Innosanto Nagara, the Indonesian-born graphic artist and acclaimed author/illustrator of A Is for Activist and Counting on Community, tells his own story of facing dictatorship and oppression in My Night in the Planetarium. At the age of seven, he watched his father, a playwright, put on plays that indirectly lampooned the corrupt and violent rulers of his country in the 1970s and 1980s. Sometimes the youngster acted in the plays. The most popular of them was about the king of a fantasy land who turned out to be just as bad as the foreign king the people had just kicked out. It had a long and successful run at a huge arts center that included indoor and outdoor stages, a movie theater, and a planetarium, but on the last night, the actors got word that police were massing outside to arrest them all.
So that night everyone in my dad’s theater troupe brought their toothbrushes to the performance. They figured, well, you you’re going to go to jail for a long time, you may as well have your toothbrush with you so you can keep your teeth clean.
Young Innosanto and his mother could not go home either, because police were staked out there. So they spent the night after the final grand performance in the planetarium, under the stars.

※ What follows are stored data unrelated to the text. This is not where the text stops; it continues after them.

(* Let $k\ge2$, $\eta\in[0,1)$ and $c>0$. The equation $(1-\zeta)\,x_k^\ast(c,\zeta)^k\,c^{-k}=\eta$ has a unique solution $\zeta\in[0,1]$. Moreover, if $c<\overline c_k(\eta)$ then this solution satisfies $(k-1)\zeta c^{k-1}<e$.
   Context: $W$ is the Lambert $W$ function; $x_k^\ast(c,\zeta)=\left(\frac{W((k-1)c^{k-1}\zeta)}{(k-1)\zeta}\right)^{\frac1{k-1}}$ for $\zeta\in(0,1]$ and $x_k^\ast(c,0)=c$. $\eta_k^\ast=e^{-k/(k-1)}$; $\overline c_k(\eta)=\left(\frac{e}{(k-1)(1-\eta/\eta_k^\ast)}\right)^{\frac1{k-1}}$ if $\eta<\eta_k^\ast$ and $+\infty$ otherwise. *)

theory Defs
  imports "HOL-Analysis.Analysis" "HOL-Library.Extended_Real"
begin

text \<open>Principal branch of the Lambert W function on its domain x \<ge> -1/e:
  the unique w \<ge> -1 with w * exp w = x.\<close>
definition lambertW :: "real \<Rightarrow> real" where
  "lambertW x = (THE w. w \<ge> -1 \<and> w * exp w = x)"

definition xstar :: "nat \<Rightarrow> real \<Rightarrow> real \<Rightarrow> real" where
  "xstar k c \<zeta> =
     (if \<zeta> = 0 then c
      else (lambertW (real (k - 1) * c ^ (k - 1) * \<zeta>) / (real (k - 1) * \<zeta>))
             powr (1 / real (k - 1)))"

definition etastar :: "nat \<Rightarrow> real" where
  "etastar k = exp (- (real k / real (k - 1)))"

definition cbar :: "nat \<Rightarrow> real \<Rightarrow> ereal" where
  "cbar k \<eta> =
     (if \<eta> < etastar k
      then ereal ((exp 1 / (real (k - 1) * (1 - \<eta> / etastar k))) powr (1 / real (k - 1)))
      else \<infinity>)"

end

theory Submission
  imports Defs
begin

text \<open>Put W = lambertW ((k - 1) c^(k-1) \<zeta>). Then x*_k(c, \<zeta>) = c exp (- W / (k - 1)), so the
  left-hand side of the equation is (1 - \<zeta>) exp (- k W / (k - 1)): strictly decreasing in \<zeta>, with
  value 1 at \<zeta> = 0 and 0 at \<zeta> = 1. Continuity, needed for the intermediate value theorem, comes
  for free after the substitution \<zeta> = W e^W / ((k - 1) c^(k-1)).
  For the bound: if (k - 1) \<zeta> c^(k-1) \<ge> e then W \<ge> 1, hence \<eta> \<le> (1 - \<zeta>) \<eta>*_k; but
  c < cbar_k(\<eta>) means (k - 1) c^(k-1) (1 - \<eta> / \<eta>*_k) < e, which forces \<zeta> > 1 - \<eta> / \<eta>*_k.\<close>

lemma times_exp_strict_mono_on: "strict_mono_on {0..} (\<lambda>w::real. w * exp w)"
  by (rule strict_mono_onI) (auto intro: mult_strict_mono)

lemma times_exp_surj_nonneg:
  fixes a :: real
  assumes "0 \<le> a"
  shows "\<exists>w\<ge>0. w * exp w = a"
proof -
  have "a \<le> a * exp a" using assms by (simp add: mult_le_cancel_left1)
  moreover have "continuous_on {0..a} (\<lambda>w. w * exp w)" by (intro continuous_intros)
  ultimately show ?thesis using IVT'[of "\<lambda>w. w * exp w" 0 a a] assms by auto
qed

lemma lambertW_eqI:
  assumes "0 \<le> w" "w * exp w = a"
  shows "lambertW a = w"
  unfolding lambertW_def
proof (rule the_equality)
  show "w \<ge> -1 \<and> w * exp w = a" using assms by auto
next
  fix v assume v: "v \<ge> -1 \<and> v * exp v = a"
  have "v \<ge> 0"
  proof (rule ccontr)
    assume "\<not> v \<ge> 0"
    then have "a < 0" using v mult_neg_pos[of v "exp v"] by simp
    moreover have "0 \<le> a" using assms by (metis exp_ge_zero mult_nonneg_nonneg)
    ultimately show False by simp
  qed
  then show "v = w"
    using strict_mono_on_eqD[OF times_exp_strict_mono_on, of w v] assms v by simp
qed

lemma
  assumes "0 \<le> a"
  shows lambertW_nonneg: "0 \<le> lambertW a"
    and lambertW_times_exp: "lambertW a * exp (lambertW a) = a"
  using times_exp_surj_nonneg[OF assms] lambertW_eqI by auto

lemma lambertW_mono:
  assumes "0 \<le> a" "a \<le> b"
  shows "lambertW a \<le> lambertW b"
  using strict_mono_on_less_eq[OF times_exp_strict_mono_on, of "lambertW a" "lambertW b"] assms
  by (simp add: lambertW_nonneg lambertW_times_exp)

lemma one_le_lambertW:
  assumes "exp 1 \<le> a"
  shows "1 \<le> lambertW a"
proof -
  have "lambertW (exp 1) = 1" by (rule lambertW_eqI) auto
  then show ?thesis using lambertW_mono[OF _ assms] by simp
qed

lemma xstar_eq_exp_lambertW:
  assumes k: "k \<ge> 2" and c: "c > 0" and z: "0 \<le> z"
  shows "xstar k c z = c * exp (- lambertW (real (k - 1) * c ^ (k - 1) * z) / real (k - 1))"
proof (cases "z = 0")
  case True
  have "lambertW 0 = 0" by (rule lambertW_eqI) auto
  then show ?thesis using True by (simp add: xstar_def)
next
  case False
  define m where "m = real (k - 1)"
  define W where "W = lambertW (m * c ^ (k - 1) * z)"
  have m: "m > 0" using k by (simp add: m_def)
  have "W * exp W = m * c ^ (k - 1) * z"
    unfolding W_def using m c z by (intro lambertW_times_exp) simp
  then have "W / (m * z) = c ^ (k - 1) * exp (- W)"
    using m z False by (simp add: field_simps exp_minus)
  then have "xstar k c z = (c ^ (k - 1) * exp (- W)) powr (1 / m)"
    using False by (simp add: xstar_def W_def m_def)
  also have "\<dots> = (c powr m) powr (1 / m) * exp (- W) powr (1 / m)"
    using c by (simp add: powr_mult m_def powr_realpow)
  also have "\<dots> = c * exp (- W / m)"
    using c m by (simp add: powr_powr powr_def)
  finally show ?thesis by (simp add: W_def m_def)
qed

definition eta_of :: "nat \<Rightarrow> real \<Rightarrow> real \<Rightarrow> real" where
  "eta_of k c \<zeta> = (1 - \<zeta>) * xstar k c \<zeta> ^ k / c ^ k"

lemma eta_of_eq_lambertW:
  assumes "k \<ge> 2" "c > 0" "0 \<le> \<zeta>"
  shows "eta_of k c \<zeta>
     = (1 - \<zeta>) * exp (- (real k / real (k - 1)) * lambertW (real (k - 1) * c ^ (k - 1) * \<zeta>))"
proof -
  have "exp (- lambertW (real (k - 1) * c ^ (k - 1) * \<zeta>) / real (k - 1)) ^ k
     = exp (- (real k / real (k - 1)) * lambertW (real (k - 1) * c ^ (k - 1) * \<zeta>))"
    by (simp add: exp_of_nat_mult[symmetric])
  then show ?thesis
    using assms by (simp add: eta_of_def xstar_eq_exp_lambertW power_mult_distrib)
qed

lemma eta_of_strict_antimono_on:
  assumes "k \<ge> 2" "c > 0"
  shows "strict_antimono_on {0..1} (eta_of k c)"
proof (rule monotone_onI)
  fix z1 z2 :: real assume z: "z1 \<in> {0..1}" "z2 \<in> {0..1}" "z1 < z2"
  define W where "W z = lambertW (real (k - 1) * c ^ (k - 1) * z)" for z
  define q where "q = real k / real (k - 1)"
  have "W z1 \<le> W z2" unfolding W_def using assms z by (intro lambertW_mono) auto
  then have "exp (- q * W z2) \<le> exp (- q * W z1)"
    using assms by (simp add: q_def mult_left_mono divide_right_mono)
  then have "(1 - z2) * exp (- q * W z2) < (1 - z1) * exp (- q * W z1)"
    using z by (intro mult_less_le_imp_less) auto
  then show "eta_of k c z2 < eta_of k c z1"
    using assms z by (simp add: eta_of_eq_lambertW W_def q_def)
qed

lemma eta_of_times_exp_param:
  assumes "k \<ge> 2" "c > 0" "0 \<le> w"
  defines "A \<equiv> real (k - 1) * c ^ (k - 1)"
  shows "eta_of k c (w * exp w / A) = (1 - w * exp w / A) * exp (- (real k / real (k - 1)) * w)"
proof -
  have A: "A > 0" using assms by (simp add: A_def)
  have "lambertW (A * (w * exp w / A)) = w" using A assms by (intro lambertW_eqI) auto
  then show ?thesis using A assms by (simp add: eta_of_eq_lambertW A_def mult.assoc)
qed

lemma eta_of_surj:
  assumes "k \<ge> 2" "c > 0" "0 \<le> \<eta>" "\<eta> \<le> 1"
  shows "\<exists>\<zeta>\<in>{0..1}. eta_of k c \<zeta> = \<eta>"
proof -
  define A where "A = real (k - 1) * c ^ (k - 1)"
  define g where "g w = (1 - w * exp w / A) * exp (- (real k / real (k - 1)) * w)" for w
  define W1 where "W1 = lambertW A"
  have A: "A > 0" using assms by (simp add: A_def)
  have W1: "0 \<le> W1" "W1 * exp W1 = A"
    using A by (simp_all add: W1_def lambertW_nonneg lambertW_times_exp)
  have "g W1 = 0" "g 0 = 1" using W1 A by (simp_all add: g_def)
  moreover have "continuous_on {0..W1} g" unfolding g_def using A by (intro continuous_intros) auto
  ultimately obtain w where w: "0 \<le> w" "w \<le> W1" "g w = \<eta>"
    using IVT2'[of g W1 \<eta> 0] assms W1 by auto
  have "w * exp w \<le> W1 * exp W1"
    using strict_mono_on_leD[OF times_exp_strict_mono_on, of w W1] w W1(1) by simp
  then have "w * exp w / A \<in> {0..1}" using w W1 A by simp
  moreover have "eta_of k c (w * exp w / A) = \<eta>"
    using eta_of_times_exp_param[OF assms(1,2) w(1)] w(3) by (simp add: g_def A_def)
  ultimately show ?thesis by blast
qed

lemma less_cbar_iff:
  assumes "k \<ge> 2" "c > 0" "\<eta> < etastar k"
  shows "ereal c < cbar k \<eta> \<longleftrightarrow> real (k - 1) * c ^ (k - 1) * (1 - \<eta> / etastar k) < exp 1"
proof -
  define m where "m = real (k - 1)"
  define B where "B = exp 1 / (m * (1 - \<eta> / etastar k))"
  have m: "m > 0" using assms by (simp add: m_def)
  have q: "1 - \<eta> / etastar k > 0" using assms by (simp add: etastar_def)
  have "B > 0" using m q by (simp add: B_def)
  have "ereal c < cbar k \<eta> \<longleftrightarrow> c < B powr (1 / m)"
    using assms by (simp add: cbar_def B_def m_def)
  also have "\<dots> \<longleftrightarrow> c powr m < B"
    using powr_less_mono2[of m c "B powr (1 / m)"] powr_less_mono2[of "1 / m" "c powr m" B]
      assms m \<open>B > 0\<close> by (auto simp: powr_powr)
  also have "c powr m = c ^ (k - 1)" unfolding m_def using assms(2) by (rule powr_realpow)
  also have "c ^ (k - 1) < B \<longleftrightarrow> m * c ^ (k - 1) * (1 - \<eta> / etastar k) < exp 1"
    using m q unfolding B_def by (simp add: pos_less_divide_eq mult_ac)
  finally show ?thesis by (simp add: m_def)
qed

lemma eta_of_le_etastar:
  assumes "k \<ge> 2" "c > 0" "\<zeta> \<in> {0..1}" "exp 1 \<le> real (k - 1) * c ^ (k - 1) * \<zeta>"
  shows "eta_of k c \<zeta> \<le> (1 - \<zeta>) * etastar k"
proof -
  define q where "q = real k / real (k - 1)"
  have "q \<ge> 0" by (simp add: q_def)
  moreover have "1 \<le> lambertW (real (k - 1) * c ^ (k - 1) * \<zeta>)"
    using assms by (intro one_le_lambertW)
  ultimately have "exp (- q * lambertW (real (k - 1) * c ^ (k - 1) * \<zeta>)) \<le> exp (- q)"
    by (simp add: mult_le_cancel_left1)
  then show ?thesis
    using assms by (simp add: eta_of_eq_lambertW etastar_def q_def mult_left_mono)
qed

lemma eta_of_root_bound:
  assumes "k \<ge> 2" "c > 0" "\<zeta> \<in> {0..1}" "ereal c < cbar k (eta_of k c \<zeta>)"
  shows "real (k - 1) * \<zeta> * c ^ (k - 1) < exp 1"
proof (rule ccontr)
  define \<eta> where "\<eta> = eta_of k c \<zeta>"
  assume "\<not> ?thesis"
  then have large: "exp 1 \<le> real (k - 1) * c ^ (k - 1) * \<zeta>" by (simp add: mult_ac)
  then have "\<zeta> > 0" using assms by (cases "\<zeta> = 0") auto
  have es: "etastar k > 0" by (simp add: etastar_def)
  have le: "\<eta> \<le> (1 - \<zeta>) * etastar k"
    unfolding \<eta>_def using eta_of_le_etastar[OF assms(1-3) large] .
  moreover have "(1 - \<zeta>) * etastar k < etastar k" using \<open>\<zeta> > 0\<close> es by simp
  ultimately have "\<eta> < etastar k" by simp
  then have "real (k - 1) * c ^ (k - 1) * (1 - \<eta> / etastar k) < exp 1"
    using less_cbar_iff[of k c \<eta>] assms by (simp add: \<eta>_def)
  also note large
  finally have "1 - \<eta> / etastar k < \<zeta>"
    using mult_less_cancel_left_pos[of "real (k - 1) * c ^ (k - 1)"] assms by simp
  then show False using le es by (simp add: field_simps)
qed

theorem mainTheorem14:
  fixes k :: nat and \<eta> c :: real
  assumes "k \<ge> 2" and "0 \<le> \<eta>" and "\<eta> < 1" and "c > 0"
  shows "(\<exists>!\<zeta>. \<zeta> \<in> {0..1} \<and> (1 - \<zeta>) * xstar k c \<zeta> ^ k / c ^ k = \<eta>)
       \<and> (ereal c < cbar k \<eta> \<longrightarrow>
           (\<forall>\<zeta>\<in>{0..1}. (1 - \<zeta>) * xstar k c \<zeta> ^ k / c ^ k = \<eta> \<longrightarrow>
              real (k - 1) * \<zeta> * c ^ (k - 1) < exp 1))"
proof -
  have "inj_on (eta_of k c) {0..1}"
    using eta_of_strict_antimono_on[OF assms(1,4)] strict_antimono_iff_antimono by blast
  moreover obtain \<zeta> where "\<zeta> \<in> {0..1}" "eta_of k c \<zeta> = \<eta>"
    using eta_of_surj[of k c \<eta>] assms by auto
  ultimately have "\<exists>!\<zeta>. \<zeta> \<in> {0..1} \<and> eta_of k c \<zeta> = \<eta>"
    by (auto simp: inj_on_def)
  moreover have "real (k - 1) * \<zeta> * c ^ (k - 1) < exp 1"
    if "ereal c < cbar k \<eta>" "\<zeta> \<in> {0..1}" "eta_of k c \<zeta> = \<eta>" for \<zeta>
    using eta_of_root_bound[of k c \<zeta>] assms that by simp
  ultimately show ?thesis by (simp add: eta_of_def)
qed

end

There aren’t a lot of picture books that portray what it’s like for a child to live under dictatorship. The classic is Antonio Skármeta and Alfonso Ruano’s The Composition, about a boy who refuses to be tricked into writing an essay about what his parents do in their spare time. Nagara’s book is a welcome and worthy companion that belongs in every elementary school classroom. Like The Compostion, My Night in the Planetarium uses humor to portray a serious subject in a way that is understandable and appropriate for children in the early elementary grades. For both protagonists, defying those in power is a glorious adventure leading to personal growth and empowerment. At the same time, through text and illustrations these picture books reaffirm the love that family members have for each other. Ultimately, this love gives both parents and children the strength they need to survive and thrive in the most difficult of circumstances.